Secondo la Fim “va bene fare incontri di verifica, è un’apertura apprezzabile, ma serve anche la convocazione al MiSE, così come prevista nel testo dell’accordo, perché è importante capire come si procederà con il tema bonifiche nei siti di Genova e Taranto, su questo il Ministero è completamente assente, vertenze delicate come questa vanno seguite e verificate giorno dopo giorno non possono essere abbandonate a ogni giro di campagna elettorale”. A fine riunione, riferisce la Fim “l’azienda ha confermato che, nonostante il periodo di mercato non favorevole, l’ex-Ilva rimane la principale scommessa del gruppo Arcelor Mittal in Europa. Domani le strutture territoriali di Taranto incontreranno l’azienda per la discussione di merito sulla Cassa integrazione per verificarne se ci sono opportunità per rivedere i numeri e limitarne l’uso dell’ammortizzatore”.

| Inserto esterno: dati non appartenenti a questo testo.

lemma dist_to_bcd_gen_edge:
  assumes "gen_edge n x y"
  shows "dist_to_bcd n T q x \<le> dist_to_bcd n T q y + 1 \<and> dist_to_bcd n T q y \<le> dist_to_bcd n T q x + 1"
  using assms
proof (cases rule: gen_edge_cases)
  case (cycle X i)
  then show ?thesis
    using ring_dist_Suc_mod[of n i q] ring_dist_cyc_pred[of n i q]
    by (auto simp: dist_to_bcd_def cyc_pred_Suc_mod)
next
  case (diag i)
  then show ?thesis
    using ring_dist_Suc_mod[of n i q] by (auto simp: dist_to_bcd_def cyc_pred_Suc_mod)
next
  case (rung_ab i)
  then show ?thesis
    using ring_dist_cyc_pred[of n i q] by (auto simp: dist_to_bcd_def)
qed (cases T; auto simp: dist_to_bcd_def)+

lemma dist_to_bcd_descent:
  assumes "T \<noteq> Ca" and "x \<in> verts n" and "0 < dist_to_bcd n T q x"
  shows "\<exists>y. adj n x y \<and> dist_to_bcd n T q y + 1 = dist_to_bcd n T q x"
proof -
  obtain X j where x: "x = (X, j)" and j: "j < n"
    using assms(2) unfolding verts_def by auto
  consider "X = Ca" | "X \<noteq> Ca" "X \<noteq> T" | "X = T"
    by blast
  then show ?thesis
  proof cases
    case 1
    then show ?thesis
      using x adj_rung_ab[OF j] adj_diag_ab[OF j] assms(1)
      by (cases "ring_dist n j q \<le> ring_dist n (cyc_pred n j) q")
        (fastforce simp: dist_to_bcd_def min_def)+
  next
    case 2
    then obtain Y where "Y \<noteq> Ca" "adj n (X, j) (Y, j)"
      "(depth Y - depth T) + (depth T - depth Y) + 1 = (depth X - depth T) + (depth T - depth X)"
      using rung_step_towards assms(1) j by metis
    then show ?thesis
      using 2 x by (intro exI[of _ "(Y, j)"]) (auto simp: dist_to_bcd_def)
  next
    case 3
    then have "0 < ring_dist n j q"
      using assms x by (simp add: dist_to_bcd_def)
    then obtain j' where "adj n (X, j) (X, j')" "ring_dist n j' q + 1 = ring_dist n j q"
      using cycle_step_towards j by metis
    then show ?thesis
      using 3 assms(1) x by (intro exI[of _ "(X, j')"]) (auto simp: dist_to_bcd_def)
  qed
qed

lemma sdist_to_bcd:
  assumes "T \<noteq> Ca" and "q < n" and "x \<in> verts n"
  shows "sdist n x (T, q) = dist_to_bcd n T q x"
proof (rule sdist_eqI[OF _ _ _ dist_to_bcd_gen_edge dist_to_bcd_descent[OF assms(1)] assms(3)])
  show "(T, q) \<in> verts n"
    using assms(2) unfolding verts_def by simp
  show "dist_to_bcd n T q (T, q) = 0"
    using assms(1) by (simp add: dist_to_bcd_def ring_dist_def)
  fix y
  assume "y \<in> verts n" and "dist_to_bcd n T q y = 0"
  moreover obtain Y j where "y = (Y, j)" by fastforce
  ultimately show "y = (T, q)"
    using assms(1,2) ring_dist_eq_0_iff[of j n q]
    by (cases Y; cases T) (auto simp: dist_to_bcd_def verts_def split: if_splits)
qed

definition dist_to_a :: "nat \<Rightarrow> nat \<Rightarrow> vert \<Rightarrow> nat" where
  "dist_to_a n p v = (case v of (X, j) \<Rightarrow>
     if X = Ca then ring_dist n j p
     else depth X + 1 + min (ring_dist n j p) (ring_dist n (Suc j mod n) p))"

lemma dist_to_a_gen_edge:
  assumes "gen_edge n x y"
  shows "dist_to_a n p x \<le> dist_to_a n p y + 1 \<and> dist_to_a n p y \<le> dist_to_a n p x + 1"
  using assms
proof (cases rule: gen_edge_cases)
  case (cycle X i)
  then show ?thesis
    using ring_dist_Suc_mod[of n i p] ring_dist_Suc_mod[of n "Suc i mod n" p]
    by (auto simp: dist_to_a_def)
next
  case (diag i)
  then show ?thesis
    using ring_dist_Suc_mod[of n i p] by (auto simp: dist_to_a_def)
next
  case (rung_ab i)
  then show ?thesis
    using ring_dist_Suc_mod[of n i p] by (auto simp: dist_to_a_def)
qed (auto simp: dist_to_a_def)

lemma dist_to_a_descent:
  assumes "x \<in> verts n" and "0 < dist_to_a n p x"
  shows "\<exists>y. adj n x y \<and> dist_to_a n p y + 1 = dist_to_a n p x"
proof -
  obtain X j where x: "x = (X, j)" and j: "j < n"
    using assms(1) unfolding verts_def by auto
  have diag: "adj n (Cb, j) (Ca, Suc j mod n)"
    using adj_sym[OF adj_diag_ab[of "Suc j mod n" n]] j by (simp add: cyc_pred_Suc_mod)
  show ?thesis
  proof (cases X)
    case Ca
    then have "0 < ring_dist n j p"
      using assms(2) x by (simp add: dist_to_a_def)
    then obtain j' where "adj n (Ca, j) (Ca, j')" "ring_dist n j' p + 1 = ring_dist n j p"
      using cycle_step_towards j by metis
    then show ?thesis
      using Ca x by (intro exI[of _ "(Ca, j')"]) (auto simp: dist_to_a_def)
  next
    case Cb
    then show ?thesis
      using x diag adj_sym[OF adj_rung_ab[OF j]]
      by (cases "ring_dist n j p \<le> ring_dist n (Suc j mod n) p")
        (fastforce simp: dist_to_a_def min_def)+
  next
    case Cc
    then show ?thesis
      using x adj_sym[OF adj_rung_bc[OF j]]
      by (intro exI[of _ "(Cb, j)"]) (auto simp: dist_to_a_def)
  next
    case Cd
    then show ?thesis
      using x adj_sym[OF adj_rung_cd[OF j]]
      by (intro exI[of _ "(Cc, j)"]) (auto simp: dist_to_a_def)
  qed
qed

lemma sdist_to_a:
  assumes "p < n" and "x \<in> verts n"
  shows "sdist n x (Ca, p) = dist_to_a n p x"
proof (rule sdist_eqI[OF _ _ _ dist_to_a_gen_edge dist_to_a_descent assms(2)])
  show "(Ca, p) \<in> verts n"
    using assms(1) unfolding verts_def by simp
  show "dist_to_a n p (Ca, p) = 0"
    by (simp add: dist_to_a_def ring_dist_def)
  fix y
  assume "y \<in> verts n" and "dist_to_a n p y = 0"
  moreover obtain Y j where "y = (Y, j)" by fastforce
  ultimately show "y = (Ca, p)"
    using assms(1) ring_dist_eq_0_iff[of j n p]
    by (auto simp: dist_to_a_def verts_def split: if_splits)
qed

lemma sdist_rung_ab_to_bcd_eq:
  assumes "T \<noteq> Ca" and "q < n" and "i < n" and "1 \<le> cyc_off n i q" and "2 * cyc_off n i q \<le> n"
  shows "sdist n (Ca, i) (T, q) = sdist n (Cb, i) (T, q)"
proof -
  have n: "0 < n" using assms(3) by simp
  have "dist_to_bcd n T q (Ca, i) = dist_to_bcd n T q (Cb, i)"
    using assms(4,5) cyc_off_less[OF n, of i q]
    by (auto simp: dist_to_bcd_def ring_dist_def cyc_off_pred[OF n])
  then show ?thesis
    using sdist_to_bcd assms(1-3) unfolding verts_def by simp
qed

lemma sdist_diag_ab_to_bcd_eq:
  assumes "even n" and "T \<noteq> Ca" and "q < n" and "i < n"
    and "cyc_off n i q = 0 \<or> n < 2 * cyc_off n i q"
  shows "sdist n (Ca, i) (T, q) = sdist n (Cb, cyc_pred n i) (T, q)"
proof -
  have n: "0 < n" using assms(4) by simp
  have "n < 2 * cyc_off n i q \<Longrightarrow> n + 2 \<le> 2 * cyc_off n i q"
    using assms(1) by presburger
  then have "dist_to_bcd n T q (Ca, i) = dist_to_bcd n T q (Cb, cyc_pred n i)"
    using assms(1,5) n cyc_off_less[OF n, of i q]
    by (auto simp: dist_to_bcd_def ring_dist_def cyc_off_pred[OF n])
  then show ?thesis
    using sdist_to_bcd assms(2-4) cyc_pred_less[OF n] unfolding verts_def by simp
qed

lemma sdist_cycle_a_to_bcd_eq:
  assumes "T \<noteq> Ca" and "q < n" and "i < n" and "cyc_off n i q = 0 \<or> 2 * cyc_off n i q = n"
  shows "sdist n (Ca, i) (T, q) = sdist n (Ca, Suc i mod n) (T, q)"
proof -
  have n: "0 < n" using assms(3) by simp
  have "dist_to_bcd n T q (Ca, i) = dist_to_bcd n T q (Ca, Suc i mod n)"
    using assms(4) cyc_off_less[OF n, of i q]
    by (auto simp: dist_to_bcd_def ring_dist_def cyc_off_pred[OF n] cyc_off_Suc[OF n]
        cyc_pred_Suc_mod[OF assms(3)])
  then show ?thesis
    using sdist_to_bcd assms(1-3) n unfolding verts_def by simp
qed

lemma sdist_rung_ab_to_a_eq:
  assumes "p < n" and "i < n" and "n \<le> 2 * cyc_off n i p"
  shows "sdist n (Ca, i) (Ca, p) = sdist n (Cb, i) (Ca, p)"
proof -
  have n: "0 < n" using assms(2) by simp
  have "dist_to_a n p (Ca, i) = dist_to_a n p (Cb, i)"
    using assms(3) cyc_off_less[OF n, of i p]
    by (auto simp: dist_to_a_def ring_dist_def cyc_off_Suc[OF n])
  then show ?thesis
    using sdist_to_a assms(1,2) unfolding verts_def by simp
qed

lemma sdist_diag_ab_to_a_eq:
  assumes "p < n" and "i < n" and "1 \<le> cyc_off n i p" and "2 * cyc_off n i p \<le> n"
  shows "sdist n (Ca, i) (Ca, p) = sdist n (Cb, cyc_pred n i) (Ca, p)"
proof -
  have n: "0 < n" using assms(2) by simp
  have "dist_to_a n p (Ca, i) = dist_to_a n p (Cb, cyc_pred n i)"
    using assms(3,4) cyc_off_less[OF n, of i p]
    by (auto simp: dist_to_a_def ring_dist_def cyc_off_pred[OF n] Suc_cyc_pred_mod[OF assms(2)])
  then show ?thesis
    using sdist_to_a assms(1,2) cyc_pred_less[OF n] unfolding verts_def by simp
qed

lemma equidistant_edge_not_local_resolving:
  assumes "adj n u v" and "sdist n u s = sdist n v s" and "sdist n u t = sdist n v t"
  shows "\<not> local_resolving n {s, t}"
  using assms adj_in_verts[OF assms(1)] unfolding local_resolving_def by blast

lemma not_local_resolving_bcd_pair:
  assumes "even n" and "4 \<le> n" and "T1 \<noteq> Ca" and "T2 \<noteq> Ca" and "p < n" and "q < n"
  shows "\<not> local_resolving n {(T1, p), (T2, q)}"
proof -
  have n: "0 < n" using assms(2) by simp
  define r where "r = cyc_off n p q"
  have r: "r < n"
    using cyc_off_less[OF n] r_def by blast
  have qp: "cyc_off n q p = (if r = 0 then 0 else n - r)"
    using cyc_off_swap[OF n, of q p] r_def by simp
  have Suc_p: "cyc_off n (Suc p mod n) p = 1" and Suc_q: "cyc_off n (Suc q mod n) q = 1"
    using assms(2) by (simp_all add: cyc_off_Suc[OF n])
  have Suc_less: "Suc p mod n < n" "Suc q mod n < n"
    using n by simp_all
  consider "2 * r = n" | "r = 0 \<or> n < 2 * r" | "0 < r" "2 * r < n"
    by linarith
  then show ?thesis
  proof cases
    case 1
    have "sdist n (Ca, q) (T1, p) = sdist n (Ca, Suc q mod n) (T1, p)"
      using 1 qp n by (intro sdist_cycle_a_to_bcd_eq assms) auto
    moreover have "sdist n (Ca, q) (T2, q) = sdist n (Ca, Suc q mod n) (T2, q)"
      by (intro sdist_cycle_a_to_bcd_eq assms) simp
    ultimately show ?thesis
      by (rule equidistant_edge_not_local_resolving[OF adj_cycle[OF assms(6)]])
  next
    case 2
    then have "n < 2 * r \<Longrightarrow> n + 2 \<le> 2 * r"
      using assms(1) by presburger
    then have "sdist n (Ca, Suc q mod n) (T1, p) = sdist n (Cb, Suc q mod n) (T1, p)"
      using 2 qp r assms(2)
      by (intro sdist_rung_ab_to_bcd_eq assms Suc_less) (auto simp: cyc_off_Suc[OF n])
    moreover have "sdist n (Ca, Suc q mod n) (T2, q) = sdist n (Cb, Suc q mod n) (T2, q)"
      using Suc_q assms(2) by (intro sdist_rung_ab_to_bcd_eq assms Suc_less) auto
    ultimately show ?thesis
      by (rule equidistant_edge_not_local_resolving[OF adj_rung_ab[OF Suc_less(2)]])
  next
    case 3
    then have "2 * r + 2 \<le> n"
      using assms(1) by presburger
    then have "sdist n (Ca, Suc p mod n) (T2, q) = sdist n (Cb, Suc p mod n) (T2, q)"
      using 3 r by (intro sdist_rung_ab_to_bcd_eq assms Suc_less) (auto simp: cyc_off_Suc[OF n] r_def)
    moreover have "sdist n (Ca, Suc p mod n) (T1, p) = sdist n (Cb, Suc p mod n) (T1, p)"
      using Suc_p assms(2) by (intro sdist_rung_ab_to_bcd_eq assms Suc_less) auto
    ultimately show ?thesis
      using equidistant_edge_not_local_resolving[OF adj_rung_ab[OF Suc_less(1)]]
      by (metis insert_commute)
  qed
qed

Anche ArcelorMittal Italia, al termine della riunione, ha diffuso una nota stampa in cui “ritiene che l’incontro di oggi sia stato utile. Confrontarsi è sempre positivo. È stata l’azienda a proporre ai sindacati, dopo l’incontro dello scorso. Oggi abbiamo spiegato nel dettaglio le critiche condizioni del mercato e abbiamo fornito aggiornamenti sullo stato di avanzamento del piano ambientale e industriale ricordando che gli interventi su entrambi i fronti proseguono nelle tempistiche previste. Si tratta di investimenti per un totale complessivo di 2,4 miliardi, di cui 1,2 solo per la sostenibilità”.

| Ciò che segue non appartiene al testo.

lemma sums_zero_padded_iff:
  "(\<lambda>i. if n \<le> i then g i else 0) sums s \<longleftrightarrow> (\<lambda>j. g (n + j)) sums s"
proof -
  let ?G = "\<lambda>i. if n \<le> i then g i else 0"
  have "strict_mono ((+) n)" by (rule strict_monoI) simp
  moreover have "?G i = 0" if "i \<notin> range ((+) n)" for i
  proof -
    have "\<not> n \<le> i" using that le_Suc_ex by blast
    then show ?thesis by simp
  qed
  ultimately have "(\<lambda>j. ?G (n + j)) sums s \<longleftrightarrow> ?G sums s" by (rule sums_mono_reindex)
  moreover have "(\<lambda>j. ?G (n + j)) = (\<lambda>j. g (n + j))" by simp
  ultimately show ?thesis by simp
qed

lemma sums_pairs:
  fixes F G :: "nat \<Rightarrow> real"
  assumes F: "F sums S" and G0: "G 0 = F 0" and GSuc: "\<And>m. G (Suc m) = F (2 * m + 1) + F (2 * m + 2)"
  shows "G sums S"
proof -
  have "(\<lambda>j. F (Suc j)) sums (S - F 0)" using F sums_Suc_iff[of F "S - F 0"] by simp
  from sums_group[OF this, of 2]
  have "(\<lambda>m. \<Sum>j\<in>{m * 2..<m * 2 + 2}. F (Suc j)) sums (S - F 0)" by simp
  moreover have "(\<Sum>j\<in>{m * 2..<m * 2 + 2}. F (Suc j)) = G (Suc m)" for m
  proof -
    have "{m * 2..<m * 2 + 2} = {2 * m, 2 * m + 1}" by auto
    then show ?thesis by (simp add: GSuc)
  qed
  ultimately have "(\<lambda>m. G (Suc m)) sums (S - F 0)" by simp
  then show ?thesis using sums_Suc_iff[of G "S - F 0"] G0 by simp
qed

lemma sum_shifted_le_suminf:
  fixes g :: "nat \<Rightarrow> real"
  assumes "summable g" and "\<And>i. 0 \<le> g i"
  shows "(\<Sum>j<J. g (n + j)) \<le> suminf g"
proof -
  have "(\<Sum>j<J. g (n + j)) = sum g ((+) n ` {..<J})" by (simp add: sum.reindex)
  also have "\<dots> \<le> suminf g" using assms by (intro sum_le_suminf) auto
  finally show ?thesis .
qed

lemma sum_half_index_le:
  fixes g :: "nat \<Rightarrow> real"
  assumes g0: "\<And>i. 0 \<le> g i"
  shows "(\<Sum>j<J. g ((j + 1) div 2)) \<le> 2 * (\<Sum>m<Suc J. g m)"
proof -
  have even: "(\<Sum>j<2 * M. g ((j + 1) div 2)) + g M \<le> 2 * (\<Sum>m<Suc M. g m)" for M
  proof (induction M)
    case 0 then show ?case using g0[of 0] by simp
  next
    case (Suc M)
    have "{..<2 * Suc M} = insert (Suc (2 * M)) (insert (2 * M) {..<2 * M})" by auto
    then have "(\<Sum>j<2 * Suc M. g ((j + 1) div 2)) = g (Suc M) + g M + (\<Sum>j<2 * M. g ((j + 1) div 2))"
      by simp
    then show ?case using Suc g0[of M] g0[of "Suc M"] by simp
  qed
  have "(\<Sum>j<J. g ((j + 1) div 2)) \<le> (\<Sum>j<2 * J. g ((j + 1) div 2))"
    using g0 by (intro sum_mono2) auto
  also have "\<dots> \<le> 2 * (\<Sum>m<Suc J. g m)"
    using even[of J] g0[of J] by linarith
  finally show ?thesis .
qed

lemma suminf_suminf_swap_le:
  fixes d :: "nat \<Rightarrow> nat \<Rightarrow> real"
  assumes d0: "\<And>k n. 0 \<le> d k n" and rows: "\<And>k. summable (d k)"
    and cols: "\<And>n. summable (\<lambda>k. d k n)" "\<And>n. (\<Sum>k. d k n) \<le> s n" and s: "summable s"
  shows "summable (\<lambda>k. \<Sum>n. d k n)" "(\<Sum>k. \<Sum>n. d k n) \<le> (\<Sum>n. s n)"
proof -
  have scols: "summable (\<lambda>n. \<Sum>k. d k n)"
  proof (rule summable_comparison_test'[OF s])
    fix n
    have "0 \<le> (\<Sum>k. d k n)" using cols(1) d0 by (rule suminf_nonneg)
    then show "norm (\<Sum>k. d k n) \<le> s n" using cols(2)[of n] by simp
  qed
  have partial: "(\<Sum>k<K. \<Sum>n. d k n) \<le> (\<Sum>n. s n)" for K
  proof -
    have "(\<Sum>k<K. \<Sum>n. d k n) = (\<Sum>n. \<Sum>k<K. d k n)"
      using rows by (subst suminf_sum) auto
    also have "\<dots> \<le> (\<Sum>n. \<Sum>k. d k n)"
      using cols d0 rows scols by (intro suminf_le sum_le_suminf summable_sum) auto
    also have "\<dots> \<le> (\<Sum>n. s n)"
      using cols scols s by (intro suminf_le) auto
    finally show ?thesis .
  qed
  show "summable (\<lambda>k. \<Sum>n. d k n)"
    by (rule summableI_nonneg_bounded[where x="\<Sum>n. s n"]) (use rows d0 partial in \<open>auto intro!: suminf_nonneg\<close>)
  then show "(\<Sum>k. \<Sum>n. d k n) \<le> (\<Sum>n. s n)" using partial by (rule suminf_le_const)
qed

lemma summable_squares_of_suminf:
  fixes f a c :: "nat \<Rightarrow> nat \<Rightarrow> real"
  assumes f: "\<And>k n. \<bar>f k n\<bar> \<le> a k n * c k n" and a0: "\<And>k n. 0 \<le> a k n" and c0: "\<And>k n. 0 \<le> c k n"
    and a: "\<And>k. summable (\<lambda>n. (a k n)\<^sup>2)" "\<And>k. (\<Sum>n. (a k n)\<^sup>2) \<le> M"
    and c: "\<And>n. summable (\<lambda>k. (c k n)\<^sup>2)" "\<And>n. (\<Sum>k. (c k n)\<^sup>2) \<le> s n"
    and s: "summable s"
  shows "summable (\<lambda>k. (\<Sum>n. f k n)\<^sup>2)" "(\<Sum>k. (\<Sum>n. f k n)\<^sup>2) \<le> M * (\<Sum>n. s n)"
proof -
  have rows: "summable (\<lambda>n. (c k n)\<^sup>2)" for k
  proof (rule summable_comparison_test'[OF s])
    fix n
    have "(c k n)\<^sup>2 \<le> (\<Sum>k. (c k n)\<^sup>2)" using sum_le_suminf[OF c(1), of "{k}"] by simp
    then show "norm ((c k n)\<^sup>2) \<le> s n" using c(2)[of n] by simp
  qed
  have M0: "0 \<le> M" using a by (meson order_trans suminf_nonneg zero_le_power2)
  have row_bound: "(\<Sum>n. f k n)\<^sup>2 \<le> M * (\<Sum>n. (c k n)\<^sup>2)" for k
  proof -
    have "(\<Sum>n. f k n)\<^sup>2 \<le> (\<Sum>n. (a k n)\<^sup>2) * (\<Sum>n. (c k n)\<^sup>2)"
      using Cauchy_Schwarz_suminf(2)[of "f k" "a k" "c k"] f a0 c0 a(1) rows by simp
    also have "\<dots> \<le> M * (\<Sum>n. (c k n)\<^sup>2)"
      using a(2) rows by (intro mult_right_mono suminf_nonneg) auto
    finally show ?thesis .
  qed
  have swap: "summable (\<lambda>k. \<Sum>n. (c k n)\<^sup>2)" "(\<Sum>k. \<Sum>n. (c k n)\<^sup>2) \<le> (\<Sum>n. s n)"
    using suminf_suminf_swap_le[of "\<lambda>k n. (c k n)\<^sup>2", OF _ rows c s] by auto
  have dom: "summable (\<lambda>k. M * (\<Sum>n. (c k n)\<^sup>2))" using swap(1) by (rule summable_mult)
  show sq: "summable (\<lambda>k. (\<Sum>n. f k n)\<^sup>2)"
    by (rule summable_comparison_test'[OF dom]) (use row_bound in auto)
  have "(\<Sum>k. (\<Sum>n. f k n)\<^sup>2) \<le> (\<Sum>k. M * (\<Sum>n. (c k n)\<^sup>2))"
    using row_bound sq dom by (rule suminf_le)
  also have "\<dots> = M * (\<Sum>k. \<Sum>n. (c k n)\<^sup>2)" using swap(1) by (rule suminf_mult)
  also have "\<dots> \<le> M * (\<Sum>n. s n)" using swap(2) M0 by (rule mult_left_mono)
  finally show "(\<Sum>k. (\<Sum>n. f k n)\<^sup>2) \<le> M * (\<Sum>n. s n)" .
qed

lemma bessel_seq_boundE:
  fixes ip :: "'a \<Rightarrow> 'a \<Rightarrow> 'b::real_normed_vector"
  assumes "bessel_seq S ip y"
  obtains B where "0 \<le> B" "\<And>k. y k \<in> S"
    "\<And>v. v \<in> S \<Longrightarrow> summable (\<lambda>k. (norm (ip v (y k)))\<^sup>2)"
    "\<And>v. v \<in> S \<Longrightarrow> (\<Sum>k. (norm (ip v (y k)))\<^sup>2) \<le> B * norm (ip v v)"
    "\<And>k. norm (ip (y k) (y k)) \<le> B"
proof -
  obtain B where y: "\<And>k. y k \<in> S" and b: "\<forall>v\<in>S. summable (\<lambda>k. (norm (ip v (y k)))\<^sup>2) \<and>
      (\<Sum>k. (norm (ip v (y k)))\<^sup>2) \<le> B * norm (ip v v)"
    using assms unfolding bessel_seq_def by blast
  have sy: "\<And>v. v \<in> S \<Longrightarrow> summable (\<lambda>k. (norm (ip v (y k)))\<^sup>2)"
    and By: "\<And>v. v \<in> S \<Longrightarrow> (\<Sum>k. (norm (ip v (y k)))\<^sup>2) \<le> B * norm (ip v v)"
    using b by auto
  have "norm (ip (y k) (y k)) \<le> max B 0" for k
  proof -
    let ?N = "norm (ip (y k) (y k))"
    have "?N\<^sup>2 \<le> (\<Sum>i. (norm (ip (y k) (y i)))\<^sup>2)"
      using sum_le_suminf[OF sy[OF y], of "{k}"] by simp
    also have "\<dots> \<le> B * ?N" using By[OF y] .
    finally have "?N * ?N \<le> B * ?N" by (simp add: power2_eq_square)
    then have "?N \<le> B" if "?N \<noteq> 0"
      using that by (intro mult_right_le_imp_le[of ?N ?N B]) auto
    then show ?thesis by fastforce
  qed
  moreover have "(\<Sum>k. (norm (ip v (y k)))\<^sup>2) \<le> max B 0 * norm (ip v v)" if "v \<in> S" for v
    using By[OF that] mult_right_mono[of B "max B 0" "norm (ip v v)"] by simp
  ultimately show ?thesis using y sy that[of "max B 0"] by simp
qed

text \<open>A frame bound A would give J * A \<le> C * (\<Sum>k. p k) after testing against J of the e j.\<close>

lemma not_frame_seqI:
  fixes ip :: "'a \<Rightarrow> 'a \<Rightarrow> 'b::real_normed_vector" and e :: "nat \<Rightarrow> 'a"
  assumes e: "\<And>j. e j \<in> S" "\<And>j. norm (ip (e j) (e j)) = 1"
    and dom: "\<And>k j. (norm (ip (e j) (y k)))\<^sup>2 \<le> p k * h k j"
    and p: "\<And>k. 0 \<le> p k" "summable p" and h: "\<And>k J. (\<Sum>j<J. h k j) \<le> C"
  shows "\<not> frame_seq S ip y"
proof
  assume "frame_seq S ip y"
  then obtain A where A: "A > 0" "\<forall>v\<in>S. A * norm (ip v v) \<le> (\<Sum>k. (norm (ip v (y k)))\<^sup>2)"
    and "bessel_seq S ip y"
    unfolding frame_seq_def by blast
  from \<open>bessel_seq S ip y\<close> obtain B where sy: "\<And>v. v \<in> S \<Longrightarrow> summable (\<lambda>k. (norm (ip v (y k)))\<^sup>2)"
    by (rule bessel_seq_boundE) blast
  have bound: "real J * A \<le> C * (\<Sum>k. p k)" for J
  proof -
    have "real J * A = (\<Sum>j<J. A * norm (ip (e j) (e j)))" using e(2) by simp
    also have "\<dots> \<le> (\<Sum>j<J. \<Sum>k. (norm (ip (e j) (y k)))\<^sup>2)" using A(2) e(1) by (intro sum_mono) blast
    also have "\<dots> = (\<Sum>k. \<Sum>j<J. (norm (ip (e j) (y k)))\<^sup>2)" using sy e(1) by (subst suminf_sum) auto
    also have "\<dots> \<le> (\<Sum>k. p k * C)"
    proof (rule suminf_le)
      fix k
      have "(\<Sum>j<J. (norm (ip (e j) (y k)))\<^sup>2) \<le> (\<Sum>j<J. p k * h k j)" by (intro sum_mono dom)
      also have "\<dots> = p k * (\<Sum>j<J. h k j)" by (simp add: sum_distrib_left)
      also have "\<dots> \<le> p k * C" using h p(1) by (intro mult_left_mono)
      finally show "(\<Sum>j<J. (norm (ip (e j) (y k)))\<^sup>2) \<le> p k * C" .
    next
      show "summable (\<lambda>k. \<Sum>j<J. (norm (ip (e j) (y k)))\<^sup>2)"
        using sy e(1) by (intro summable_sum) auto
      show "summable (\<lambda>k. p k * C)" using p(2) by (rule summable_mult2)
    qed
    also have "\<dots> = C * (\<Sum>k. p k)" using suminf_mult2[OF p(2), of C] by (simp add: mult.commute)
    finally show ?thesis .
  qed
  obtain J :: nat where "C * (\<Sum>k. p k) < real J * A"
    using reals_Archimedean3[OF A(1)] by blast
  with bound[of J] show False by linarith
qed

lemma ip_real_self:
  assumes "v \<in> l2_real"
  shows "ip_real v v = (\<Sum>i. (v i)\<^sup>2)" "0 \<le> ip_real v v"
  using assms unfolding l2_real_def ip_real_def by (auto simp: power2_eq_square intro!: suminf_nonneg)

lemma ip_real_zero_left [simp]: "ip_real (\<lambda>_. 0) w = 0"
  by (simp add: ip_real_def)

lemma summable_ip_real:
  assumes "u \<in> l2_real" "w \<in> l2_real"
  shows "summable (\<lambda>i. u i * w i)"
  using Cauchy_Schwarz_suminf(1)[of "\<lambda>i. u i * w i" "\<lambda>i. \<bar>u i\<bar>" "\<lambda>i. \<bar>w i\<bar>"] assms
  by (simp add: abs_mult l2_real_def)

lemma l2_real_dominated:
  assumes f: "\<And>j. (f j)\<^sup>2 \<le> g j" and g: "\<And>J. (\<Sum>j<J. g j) \<le> C"
  shows "f \<in> l2_real" "ip_real f f \<le> C"
proof -
  have g0: "0 \<le> g j" for j using f[of j] by (meson order_trans zero_le_power2)
  have sg: "summable g" by (rule summableI_nonneg_bounded[OF g0 g])
  have sf: "summable (\<lambda>j. (f j)\<^sup>2)" by (rule summable_comparison_test'[OF sg]) (use f in auto)
  then show "f \<in> l2_real" by (simp add: l2_real_def)
  have "ip_real f f = (\<Sum>j. (f j)\<^sup>2)" by (simp add: ip_real_def power2_eq_square)
  also have "\<dots> \<le> (\<Sum>j. g j)" by (rule suminf_le[OF f sf sg])
  also have "\<dots> \<le> C" by (rule suminf_le_const[OF sg g])
  finally show "ip_real f f \<le> C" .
qed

“Nel corso dell’incontro – aggiunge l’azienda – abbiamo anche fatto il punto su quanto stiamo facendo sul tema dei contractors e della gestione degli acquisti. Sul tema delle Risorse Umane, abbiamo presentato la situazione dettagliata al 31 maggio, confermando di aver rispettato tutti gli accordi presi. ArcelorMittal Italia ha confermato ancora una volta che si tratta di una scelta difficile, che si rende necessaria a causa delle critiche condizioni del mercato dell’acciaio. Domani a Taranto si apriranno gli incontri sul merito del provvedimento e sarà l’occasione per azienda e sindacati di entrare nel dettaglio dei numeri e delle modalità per provare anche stavolta a condividere un percorso”.
All’incontro erano presenti l’amministratore delegato, Matthieu Jehl, il direttore delle risorse umane, Annalisa Pasquini e il direttore degli acquisti, Emmanuel Rodriguez.